The case presents but a single question for consideration, and that is a question of fact--namely, whether the evidence preserved in the record shows the existence of the fraud alleged in the petition. As this is a chancery proceeding, the duty is devolved upon this court of examining the evidence and determining from it the issue of fact raised by the pleadings.
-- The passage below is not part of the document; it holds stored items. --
(* Let $f,g$ be slice monogenic functions on $\mathbb{R}^{n+1}$ that commute with respect to the $*$-product, i.e. $f*g=g*f$. Then $$\exp_*(f+g)=\exp_*(f)*\exp_*(g).$$
   Context: $\mathbb{R}_n$ is the real Clifford algebra generated by $e_1,\dots,e_n$ with $e_ie_j+e_je_i=-2\delta_{ij}$; paravectors $x=x_0+\sum x_ie_i$ are identified with $\mathbb{R}^{n+1}$. $\mathbb{S}^{n-1}$ is the set of unit vectors $\omega=\sum a_ie_i$ ($\omega^2=-1$). A function $f$ on an axially symmetric open set is slice monogenic if $f(u+\omega v)=\alpha(u,v)+\omega\beta(u,v)$ for all $\omega\in\mathbb{S}^{n-1}$ with $\mathbb{R}_n$-valued differentiable $\alpha,\beta$, $\alpha$ even and $\beta$ odd in $v$, satisfying $\partial_u\alpha=\partial_v\beta$, $\partial_u\beta=-\partial_v\alpha$. For $f=\alpha+\omega\beta$, $g=\gamma+\omega\delta$, the $*$-product is $(f*g)(u+\omega v)=(\alpha\gamma-\beta\delta)+\omega(\beta\gamma+\alpha\delta)$. The $*$-exponential of a slice monogenic $f$ is $\exp_*(f)=\sum_{k\ge0}\frac{1}{k!}f^{*k}$. *)

theory Defs
  imports "HOL-Analysis.Analysis"
begin

text \<open>Elements of the real Clifford algebra R_n are represented as coefficient
functions on index sets: x = sum over A subset of {1..n} of x A e_A.
Only coefficients at subsets of {1..n} are meaningful for elements of R_n.\<close>

type_synonym cl = "nat set \<Rightarrow> real"

definition cl_add :: "cl \<Rightarrow> cl \<Rightarrow> cl" where
  "cl_add x y = (\<lambda>C. x C + y C)"

definition cl_scale :: "real \<Rightarrow> cl \<Rightarrow> cl" where
  "cl_scale r x = (\<lambda>C. r * x C)"

definition cl_real :: "real \<Rightarrow> cl" where
  "cl_real r = (\<lambda>C. if C = {} then r else 0)"

text \<open>Sign in e_A e_B = sign(A,B) e_(A symmetric-difference B), for the relations
e_i e_j + e_j e_i = -2 delta_ij.\<close>
definition cl_sign :: "nat set \<Rightarrow> nat set \<Rightarrow> real" where
  "cl_sign A B = (-1) ^ (card {(a, b). a \<in> A \<and> b \<in> B \<and> b < a} + card (A \<inter> B))"

definition cl_mult :: "nat \<Rightarrow> cl \<Rightarrow> cl \<Rightarrow> cl" where
  "cl_mult n x y = (\<lambda>C. \<Sum>A\<in>Pow {1..n}. \<Sum>B\<in>Pow {1..n}.
      if (A - B) \<union> (B - A) = C then cl_sign A B * x A * y B else 0)"

definition cl_sphere :: "nat \<Rightarrow> cl set" where
  "cl_sphere n = {w. (\<forall>C. w C \<noteq> 0 \<longrightarrow> (\<exists>i\<in>{1..n}. C = {i}))
                     \<and> (\<Sum>i=1..n. (w {i})^2) = 1}"

text \<open>Paravectors x_0 + sum x_i e_i, identified with R^(n+1).\<close>
definition paravectors :: "nat \<Rightarrow> cl set" where
  "paravectors n = {x. \<forall>C. x C \<noteq> 0 \<longrightarrow> C = {} \<or> (\<exists>i\<in>{1..n}. C = {i})}"

definition slice_pt :: "real \<Rightarrow> cl \<Rightarrow> real \<Rightarrow> cl" where
  "slice_pt u w v = cl_add (cl_real u) (cl_scale v w)"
In 1850 William Russell went to California. Prior to leaving, as the evidence tends to show, he promised his son some suitable reward in case the son, during the father's absence, should remain at home and do well. It appears that Russell, the father, was absent some two years, returning to his home in Missouri in 1852, and bringing with him funds more than sufficient to pay off all debts that had accumulated against him in his absence, and that such liabilities were all promptly met. Soon after his return the forty acres of land were purchased and conveyed to the son, as in fulfillment of the father's previous pledge, as the defendants insist, but with a view to defraud his creditors, as the plaintiff alleges in his petition. The land was subsequently assessed to the son for the purposes of taxation for some seven consecutive years. The testimony abundantly shows that Russell, the father, was at the time in good credit every way, punctual in the payment of his debts, and possessed of more or less personal property, such as horses, cattle, sheep, hogs, etc. He was also understood to be the owner of real estate. He testifies that soon after the forty acres were purchased in the name of his son, he also...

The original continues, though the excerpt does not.